[Stored data]

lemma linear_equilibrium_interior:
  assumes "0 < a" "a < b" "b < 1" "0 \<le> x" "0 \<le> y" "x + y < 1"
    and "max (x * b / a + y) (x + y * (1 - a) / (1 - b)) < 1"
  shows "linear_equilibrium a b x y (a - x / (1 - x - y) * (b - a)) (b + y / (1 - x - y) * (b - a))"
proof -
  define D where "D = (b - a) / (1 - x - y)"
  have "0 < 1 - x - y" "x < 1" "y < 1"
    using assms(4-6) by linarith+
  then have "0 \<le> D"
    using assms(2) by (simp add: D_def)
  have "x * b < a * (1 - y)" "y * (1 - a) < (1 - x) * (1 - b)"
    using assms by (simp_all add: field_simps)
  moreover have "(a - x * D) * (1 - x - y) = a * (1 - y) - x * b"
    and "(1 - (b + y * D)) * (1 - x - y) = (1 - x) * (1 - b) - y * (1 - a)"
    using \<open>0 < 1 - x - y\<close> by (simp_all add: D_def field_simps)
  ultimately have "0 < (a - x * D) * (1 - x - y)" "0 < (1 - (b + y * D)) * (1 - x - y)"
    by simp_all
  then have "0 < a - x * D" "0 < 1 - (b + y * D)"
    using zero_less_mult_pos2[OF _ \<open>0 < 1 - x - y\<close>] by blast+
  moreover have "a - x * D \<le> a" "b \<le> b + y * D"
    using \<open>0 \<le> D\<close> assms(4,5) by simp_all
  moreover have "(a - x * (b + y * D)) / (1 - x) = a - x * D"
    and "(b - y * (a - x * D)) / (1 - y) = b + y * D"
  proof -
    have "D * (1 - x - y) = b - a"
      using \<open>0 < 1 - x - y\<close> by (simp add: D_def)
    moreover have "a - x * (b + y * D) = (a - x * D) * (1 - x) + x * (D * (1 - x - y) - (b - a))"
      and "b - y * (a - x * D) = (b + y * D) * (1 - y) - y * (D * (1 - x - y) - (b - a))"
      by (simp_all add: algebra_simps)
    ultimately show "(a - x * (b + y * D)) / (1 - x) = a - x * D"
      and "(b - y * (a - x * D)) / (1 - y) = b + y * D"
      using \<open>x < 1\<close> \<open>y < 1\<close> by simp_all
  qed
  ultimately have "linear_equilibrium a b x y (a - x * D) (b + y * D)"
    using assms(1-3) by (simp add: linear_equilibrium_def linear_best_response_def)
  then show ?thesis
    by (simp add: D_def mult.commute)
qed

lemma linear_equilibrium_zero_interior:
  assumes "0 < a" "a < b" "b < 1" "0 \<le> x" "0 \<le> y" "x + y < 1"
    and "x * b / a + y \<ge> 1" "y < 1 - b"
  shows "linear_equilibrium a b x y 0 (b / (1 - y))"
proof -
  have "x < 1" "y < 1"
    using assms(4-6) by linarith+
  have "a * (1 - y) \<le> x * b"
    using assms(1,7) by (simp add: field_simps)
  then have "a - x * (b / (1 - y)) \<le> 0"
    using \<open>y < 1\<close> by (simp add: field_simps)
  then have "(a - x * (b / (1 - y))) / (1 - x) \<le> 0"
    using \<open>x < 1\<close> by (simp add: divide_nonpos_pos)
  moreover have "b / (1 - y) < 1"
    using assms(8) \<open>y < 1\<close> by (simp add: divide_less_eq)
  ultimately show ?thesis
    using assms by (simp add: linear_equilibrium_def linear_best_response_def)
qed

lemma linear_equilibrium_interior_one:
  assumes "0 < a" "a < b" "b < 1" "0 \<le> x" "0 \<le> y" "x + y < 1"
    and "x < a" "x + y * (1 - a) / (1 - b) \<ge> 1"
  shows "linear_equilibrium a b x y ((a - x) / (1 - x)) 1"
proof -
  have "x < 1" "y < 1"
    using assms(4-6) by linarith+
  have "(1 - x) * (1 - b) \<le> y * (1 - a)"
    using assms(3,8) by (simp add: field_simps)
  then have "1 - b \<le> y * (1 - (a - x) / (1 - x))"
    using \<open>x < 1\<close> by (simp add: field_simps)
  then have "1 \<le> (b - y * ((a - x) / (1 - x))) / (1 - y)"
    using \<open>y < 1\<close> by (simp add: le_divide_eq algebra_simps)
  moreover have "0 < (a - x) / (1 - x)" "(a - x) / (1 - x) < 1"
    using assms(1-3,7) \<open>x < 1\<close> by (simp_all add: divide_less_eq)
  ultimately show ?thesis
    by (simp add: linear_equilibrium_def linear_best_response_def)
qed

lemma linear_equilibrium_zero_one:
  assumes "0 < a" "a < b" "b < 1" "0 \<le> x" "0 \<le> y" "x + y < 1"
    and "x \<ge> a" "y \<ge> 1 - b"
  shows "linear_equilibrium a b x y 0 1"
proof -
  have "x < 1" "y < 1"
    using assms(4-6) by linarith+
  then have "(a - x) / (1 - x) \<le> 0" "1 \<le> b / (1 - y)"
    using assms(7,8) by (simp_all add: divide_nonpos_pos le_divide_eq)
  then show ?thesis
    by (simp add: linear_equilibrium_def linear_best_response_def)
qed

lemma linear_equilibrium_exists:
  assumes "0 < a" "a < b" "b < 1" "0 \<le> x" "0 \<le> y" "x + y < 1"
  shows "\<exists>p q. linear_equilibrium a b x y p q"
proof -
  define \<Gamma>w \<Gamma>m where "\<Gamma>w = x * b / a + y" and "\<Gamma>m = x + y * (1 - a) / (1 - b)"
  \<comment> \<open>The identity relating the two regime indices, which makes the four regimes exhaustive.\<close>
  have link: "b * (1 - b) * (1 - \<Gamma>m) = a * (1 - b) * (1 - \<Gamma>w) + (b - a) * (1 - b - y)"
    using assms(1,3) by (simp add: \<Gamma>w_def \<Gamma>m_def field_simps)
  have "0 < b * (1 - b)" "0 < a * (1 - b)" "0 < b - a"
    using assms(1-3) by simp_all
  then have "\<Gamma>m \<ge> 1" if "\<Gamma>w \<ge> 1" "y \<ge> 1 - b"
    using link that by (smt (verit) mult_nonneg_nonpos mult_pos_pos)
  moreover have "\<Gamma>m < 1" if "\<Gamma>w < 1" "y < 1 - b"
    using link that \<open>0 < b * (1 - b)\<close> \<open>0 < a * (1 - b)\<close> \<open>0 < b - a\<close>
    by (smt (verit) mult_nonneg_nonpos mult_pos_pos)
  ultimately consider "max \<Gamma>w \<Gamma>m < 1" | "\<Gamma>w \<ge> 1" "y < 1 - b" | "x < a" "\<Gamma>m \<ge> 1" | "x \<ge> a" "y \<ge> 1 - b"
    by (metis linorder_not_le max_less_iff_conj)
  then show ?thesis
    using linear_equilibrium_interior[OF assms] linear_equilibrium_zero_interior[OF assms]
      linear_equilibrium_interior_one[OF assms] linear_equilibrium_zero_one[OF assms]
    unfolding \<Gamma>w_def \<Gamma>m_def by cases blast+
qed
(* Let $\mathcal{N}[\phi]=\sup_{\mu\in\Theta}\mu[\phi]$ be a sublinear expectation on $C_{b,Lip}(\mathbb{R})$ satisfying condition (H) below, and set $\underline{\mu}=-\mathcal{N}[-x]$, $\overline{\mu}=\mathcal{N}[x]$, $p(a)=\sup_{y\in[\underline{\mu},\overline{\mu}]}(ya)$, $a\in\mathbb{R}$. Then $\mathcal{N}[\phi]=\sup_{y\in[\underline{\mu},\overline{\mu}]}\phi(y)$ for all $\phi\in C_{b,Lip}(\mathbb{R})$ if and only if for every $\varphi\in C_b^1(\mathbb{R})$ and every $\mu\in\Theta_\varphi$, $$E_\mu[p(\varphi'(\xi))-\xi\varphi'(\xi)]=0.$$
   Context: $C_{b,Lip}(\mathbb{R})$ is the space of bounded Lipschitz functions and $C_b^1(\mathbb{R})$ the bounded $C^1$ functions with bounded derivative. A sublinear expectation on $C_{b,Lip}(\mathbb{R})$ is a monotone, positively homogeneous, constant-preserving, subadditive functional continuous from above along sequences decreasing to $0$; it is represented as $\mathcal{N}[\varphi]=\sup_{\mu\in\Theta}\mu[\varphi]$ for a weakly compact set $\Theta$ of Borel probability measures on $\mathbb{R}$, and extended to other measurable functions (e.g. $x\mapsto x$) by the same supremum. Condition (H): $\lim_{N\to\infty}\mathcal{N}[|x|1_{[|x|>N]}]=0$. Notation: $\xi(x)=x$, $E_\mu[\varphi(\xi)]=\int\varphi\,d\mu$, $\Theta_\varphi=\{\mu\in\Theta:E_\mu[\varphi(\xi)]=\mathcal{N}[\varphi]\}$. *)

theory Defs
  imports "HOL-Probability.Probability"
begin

**Exercise goal**
The answer must consist of every line above that holds the string "shows", copied exactly.

**Solution below**
  shows "linear_equilibrium a b x y (a - x / (1 - x - y) * (b - a)) (b + y / (1 - x - y) * (b - a))"
  shows "linear_equilibrium a b x y 0 (b / (1 - y))"
  shows "linear_equilibrium a b x y ((a - x) / (1 - x)) 1"
  shows "linear_equilibrium a b x y 0 1"
  shows "\<exists>p q. linear_equilibrium a b x y p q"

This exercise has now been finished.